Description of the task => Below are lines of data; restate word for word those running from the line containing "int^2 \<Rightarrow> (int" to the line containing "text \<open>U is", inclusive, and no others.

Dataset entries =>
>>>>>
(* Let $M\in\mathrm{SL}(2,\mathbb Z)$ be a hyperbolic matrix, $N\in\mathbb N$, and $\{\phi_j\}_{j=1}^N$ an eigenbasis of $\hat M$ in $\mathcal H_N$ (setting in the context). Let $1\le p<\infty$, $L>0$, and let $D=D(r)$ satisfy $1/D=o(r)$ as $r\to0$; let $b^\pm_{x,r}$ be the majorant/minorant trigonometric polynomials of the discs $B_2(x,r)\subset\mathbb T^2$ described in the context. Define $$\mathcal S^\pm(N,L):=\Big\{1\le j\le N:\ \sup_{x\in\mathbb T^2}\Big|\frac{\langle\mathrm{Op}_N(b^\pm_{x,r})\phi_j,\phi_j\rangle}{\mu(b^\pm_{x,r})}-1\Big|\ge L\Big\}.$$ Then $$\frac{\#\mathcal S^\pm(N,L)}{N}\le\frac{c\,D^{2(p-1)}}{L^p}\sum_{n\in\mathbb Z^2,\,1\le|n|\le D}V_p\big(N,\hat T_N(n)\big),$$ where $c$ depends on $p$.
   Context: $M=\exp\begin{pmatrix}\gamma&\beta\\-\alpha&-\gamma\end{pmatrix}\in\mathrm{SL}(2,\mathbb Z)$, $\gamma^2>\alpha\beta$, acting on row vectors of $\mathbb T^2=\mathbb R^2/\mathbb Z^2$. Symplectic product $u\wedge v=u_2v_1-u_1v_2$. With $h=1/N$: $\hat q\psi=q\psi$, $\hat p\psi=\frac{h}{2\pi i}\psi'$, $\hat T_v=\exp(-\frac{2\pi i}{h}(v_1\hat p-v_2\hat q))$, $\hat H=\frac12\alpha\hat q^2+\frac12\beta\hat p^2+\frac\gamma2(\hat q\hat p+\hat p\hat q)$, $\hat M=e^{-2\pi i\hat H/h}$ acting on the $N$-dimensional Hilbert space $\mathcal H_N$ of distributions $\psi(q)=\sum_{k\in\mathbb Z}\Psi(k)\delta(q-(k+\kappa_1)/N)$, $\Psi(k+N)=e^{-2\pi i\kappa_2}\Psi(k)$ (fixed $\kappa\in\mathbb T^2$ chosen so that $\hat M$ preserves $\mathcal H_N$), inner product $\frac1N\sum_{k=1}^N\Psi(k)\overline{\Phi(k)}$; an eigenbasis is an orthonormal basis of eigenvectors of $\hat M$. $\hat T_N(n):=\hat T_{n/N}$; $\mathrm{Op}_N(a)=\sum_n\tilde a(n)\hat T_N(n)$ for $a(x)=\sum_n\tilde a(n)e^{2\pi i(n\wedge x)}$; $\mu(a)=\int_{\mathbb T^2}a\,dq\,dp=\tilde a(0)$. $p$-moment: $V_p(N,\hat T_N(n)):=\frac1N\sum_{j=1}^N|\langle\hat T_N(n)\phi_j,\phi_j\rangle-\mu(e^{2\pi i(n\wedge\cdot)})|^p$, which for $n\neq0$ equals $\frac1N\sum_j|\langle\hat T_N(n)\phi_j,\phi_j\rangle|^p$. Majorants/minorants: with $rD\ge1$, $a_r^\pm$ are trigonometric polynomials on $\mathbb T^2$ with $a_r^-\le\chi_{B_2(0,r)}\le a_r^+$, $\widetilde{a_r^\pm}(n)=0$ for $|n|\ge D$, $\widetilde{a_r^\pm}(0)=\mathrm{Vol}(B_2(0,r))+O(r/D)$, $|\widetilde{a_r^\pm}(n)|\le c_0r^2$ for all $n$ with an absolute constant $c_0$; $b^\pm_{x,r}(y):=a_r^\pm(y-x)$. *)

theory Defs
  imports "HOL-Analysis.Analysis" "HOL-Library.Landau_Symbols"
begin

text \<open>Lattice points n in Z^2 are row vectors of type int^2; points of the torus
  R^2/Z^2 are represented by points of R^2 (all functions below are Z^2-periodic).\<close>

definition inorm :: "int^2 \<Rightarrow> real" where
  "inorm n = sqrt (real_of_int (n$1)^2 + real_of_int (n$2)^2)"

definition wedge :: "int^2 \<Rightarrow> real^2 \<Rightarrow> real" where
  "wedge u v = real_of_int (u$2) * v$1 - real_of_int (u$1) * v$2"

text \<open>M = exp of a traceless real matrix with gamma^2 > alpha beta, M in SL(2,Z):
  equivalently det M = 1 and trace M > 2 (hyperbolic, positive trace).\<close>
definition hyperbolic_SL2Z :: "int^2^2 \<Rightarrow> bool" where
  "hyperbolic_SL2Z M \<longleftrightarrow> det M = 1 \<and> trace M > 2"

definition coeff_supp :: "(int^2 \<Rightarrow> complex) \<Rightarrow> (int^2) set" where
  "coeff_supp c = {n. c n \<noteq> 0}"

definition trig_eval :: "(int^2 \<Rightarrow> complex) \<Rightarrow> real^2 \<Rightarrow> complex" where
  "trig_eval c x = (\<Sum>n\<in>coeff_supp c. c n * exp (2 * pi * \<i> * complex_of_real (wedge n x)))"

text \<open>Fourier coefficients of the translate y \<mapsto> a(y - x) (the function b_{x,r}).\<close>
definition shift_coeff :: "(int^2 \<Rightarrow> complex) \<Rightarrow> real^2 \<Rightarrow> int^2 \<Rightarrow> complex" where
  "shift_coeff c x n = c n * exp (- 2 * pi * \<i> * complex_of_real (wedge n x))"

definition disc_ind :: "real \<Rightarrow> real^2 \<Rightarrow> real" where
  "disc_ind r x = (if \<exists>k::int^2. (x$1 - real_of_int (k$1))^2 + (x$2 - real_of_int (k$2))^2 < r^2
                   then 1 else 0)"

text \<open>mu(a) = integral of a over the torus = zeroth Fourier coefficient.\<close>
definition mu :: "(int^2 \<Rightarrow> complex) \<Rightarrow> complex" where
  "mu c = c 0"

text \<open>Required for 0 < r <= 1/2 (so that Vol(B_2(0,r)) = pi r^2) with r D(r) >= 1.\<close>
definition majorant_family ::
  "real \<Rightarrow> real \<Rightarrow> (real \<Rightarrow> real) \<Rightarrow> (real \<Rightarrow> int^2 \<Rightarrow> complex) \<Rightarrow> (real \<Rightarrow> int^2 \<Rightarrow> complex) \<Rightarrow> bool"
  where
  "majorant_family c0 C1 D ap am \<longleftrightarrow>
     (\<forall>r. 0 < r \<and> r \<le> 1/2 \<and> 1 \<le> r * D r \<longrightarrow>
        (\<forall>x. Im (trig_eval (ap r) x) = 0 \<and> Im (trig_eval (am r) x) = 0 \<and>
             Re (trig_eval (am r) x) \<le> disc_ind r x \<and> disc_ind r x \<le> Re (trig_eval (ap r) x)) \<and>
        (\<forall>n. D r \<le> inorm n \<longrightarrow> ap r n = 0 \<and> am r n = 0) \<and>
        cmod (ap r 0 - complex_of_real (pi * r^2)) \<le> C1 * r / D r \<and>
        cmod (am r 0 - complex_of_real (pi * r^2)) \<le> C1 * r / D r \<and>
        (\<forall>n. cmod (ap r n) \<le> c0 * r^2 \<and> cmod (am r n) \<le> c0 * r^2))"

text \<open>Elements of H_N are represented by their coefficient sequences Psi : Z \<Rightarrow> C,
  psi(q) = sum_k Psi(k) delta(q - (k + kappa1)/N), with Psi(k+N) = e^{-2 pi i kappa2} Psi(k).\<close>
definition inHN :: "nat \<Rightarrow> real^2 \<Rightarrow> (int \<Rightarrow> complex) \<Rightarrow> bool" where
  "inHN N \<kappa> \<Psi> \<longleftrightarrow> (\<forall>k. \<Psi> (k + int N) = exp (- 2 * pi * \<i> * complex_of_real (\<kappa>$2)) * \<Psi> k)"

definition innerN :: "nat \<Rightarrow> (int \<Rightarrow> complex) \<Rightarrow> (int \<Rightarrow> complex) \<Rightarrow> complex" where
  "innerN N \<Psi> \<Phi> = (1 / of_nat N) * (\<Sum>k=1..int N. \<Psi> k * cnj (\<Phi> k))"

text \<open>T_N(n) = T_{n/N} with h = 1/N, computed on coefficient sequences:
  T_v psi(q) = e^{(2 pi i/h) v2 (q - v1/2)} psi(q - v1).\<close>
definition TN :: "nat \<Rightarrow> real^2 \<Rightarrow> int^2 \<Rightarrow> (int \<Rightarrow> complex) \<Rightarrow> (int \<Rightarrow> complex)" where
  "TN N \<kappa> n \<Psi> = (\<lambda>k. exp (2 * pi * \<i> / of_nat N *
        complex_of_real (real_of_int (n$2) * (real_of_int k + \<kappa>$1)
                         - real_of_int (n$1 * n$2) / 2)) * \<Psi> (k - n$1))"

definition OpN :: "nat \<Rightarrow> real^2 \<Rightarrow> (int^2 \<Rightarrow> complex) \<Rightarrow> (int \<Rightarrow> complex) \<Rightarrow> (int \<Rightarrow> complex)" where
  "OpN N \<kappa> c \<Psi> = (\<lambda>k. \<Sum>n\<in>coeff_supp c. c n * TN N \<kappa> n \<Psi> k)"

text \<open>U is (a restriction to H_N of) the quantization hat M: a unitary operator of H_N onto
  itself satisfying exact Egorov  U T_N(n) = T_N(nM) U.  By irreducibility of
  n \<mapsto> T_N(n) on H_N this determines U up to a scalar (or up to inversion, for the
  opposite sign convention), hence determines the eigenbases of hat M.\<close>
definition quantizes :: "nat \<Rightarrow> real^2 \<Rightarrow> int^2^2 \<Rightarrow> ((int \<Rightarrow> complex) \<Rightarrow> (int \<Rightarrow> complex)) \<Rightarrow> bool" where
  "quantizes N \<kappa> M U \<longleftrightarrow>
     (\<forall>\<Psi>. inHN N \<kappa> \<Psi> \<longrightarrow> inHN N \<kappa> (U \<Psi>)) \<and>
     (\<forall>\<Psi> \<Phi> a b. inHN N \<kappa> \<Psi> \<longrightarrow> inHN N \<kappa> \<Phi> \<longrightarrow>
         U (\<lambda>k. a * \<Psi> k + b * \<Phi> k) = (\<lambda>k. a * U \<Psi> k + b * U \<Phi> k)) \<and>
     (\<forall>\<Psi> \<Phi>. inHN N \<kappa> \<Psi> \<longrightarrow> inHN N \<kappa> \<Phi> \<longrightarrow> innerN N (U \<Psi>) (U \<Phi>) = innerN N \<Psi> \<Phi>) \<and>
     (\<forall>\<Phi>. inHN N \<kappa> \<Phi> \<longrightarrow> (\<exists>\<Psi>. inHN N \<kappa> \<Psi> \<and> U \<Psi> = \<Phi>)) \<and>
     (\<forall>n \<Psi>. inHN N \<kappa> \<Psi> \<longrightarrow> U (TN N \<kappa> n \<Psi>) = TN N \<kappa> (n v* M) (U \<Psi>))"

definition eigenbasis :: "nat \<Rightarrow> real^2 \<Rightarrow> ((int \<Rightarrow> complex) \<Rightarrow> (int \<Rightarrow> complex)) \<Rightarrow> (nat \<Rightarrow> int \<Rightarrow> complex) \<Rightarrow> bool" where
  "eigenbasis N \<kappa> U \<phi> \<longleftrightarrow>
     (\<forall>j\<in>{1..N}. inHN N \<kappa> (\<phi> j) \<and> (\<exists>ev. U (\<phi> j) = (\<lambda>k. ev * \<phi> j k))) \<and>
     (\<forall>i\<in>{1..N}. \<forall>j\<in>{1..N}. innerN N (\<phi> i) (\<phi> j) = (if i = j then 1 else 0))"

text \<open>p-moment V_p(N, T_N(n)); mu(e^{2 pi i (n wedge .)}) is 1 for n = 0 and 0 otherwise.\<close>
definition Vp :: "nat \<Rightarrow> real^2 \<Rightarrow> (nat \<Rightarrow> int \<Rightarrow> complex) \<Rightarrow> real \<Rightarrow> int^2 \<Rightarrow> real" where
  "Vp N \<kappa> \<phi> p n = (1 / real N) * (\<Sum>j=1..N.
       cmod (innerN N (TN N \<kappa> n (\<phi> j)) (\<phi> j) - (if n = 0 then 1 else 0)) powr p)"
<<<<<
Finished task =>
definition TN :: "nat \<Rightarrow> real^2 \<Rightarrow> int^2 \<Rightarrow> (int \<Rightarrow> complex) \<Rightarrow> (int \<Rightarrow> complex)" where
  "TN N \<kappa> n \<Psi> = (\<lambda>k. exp (2 * pi * \<i> / of_nat N *
        complex_of_real (real_of_int (n$2) * (real_of_int k + \<kappa>$1)
                         - real_of_int (n$1 * n$2) / 2)) * \<Psi> (k - n$1))"

definition OpN :: "nat \<Rightarrow> real^2 \<Rightarrow> (int^2 \<Rightarrow> complex) \<Rightarrow> (int \<Rightarrow> complex) \<Rightarrow> (int \<Rightarrow> complex)" where
  "OpN N \<kappa> c \<Psi> = (\<lambda>k. \<Sum>n\<in>coeff_supp c. c n * TN N \<kappa> n \<Psi> k)"

text \<open>U is (a restriction to H_N of) the quantization hat M: a unitary operator of H_N onto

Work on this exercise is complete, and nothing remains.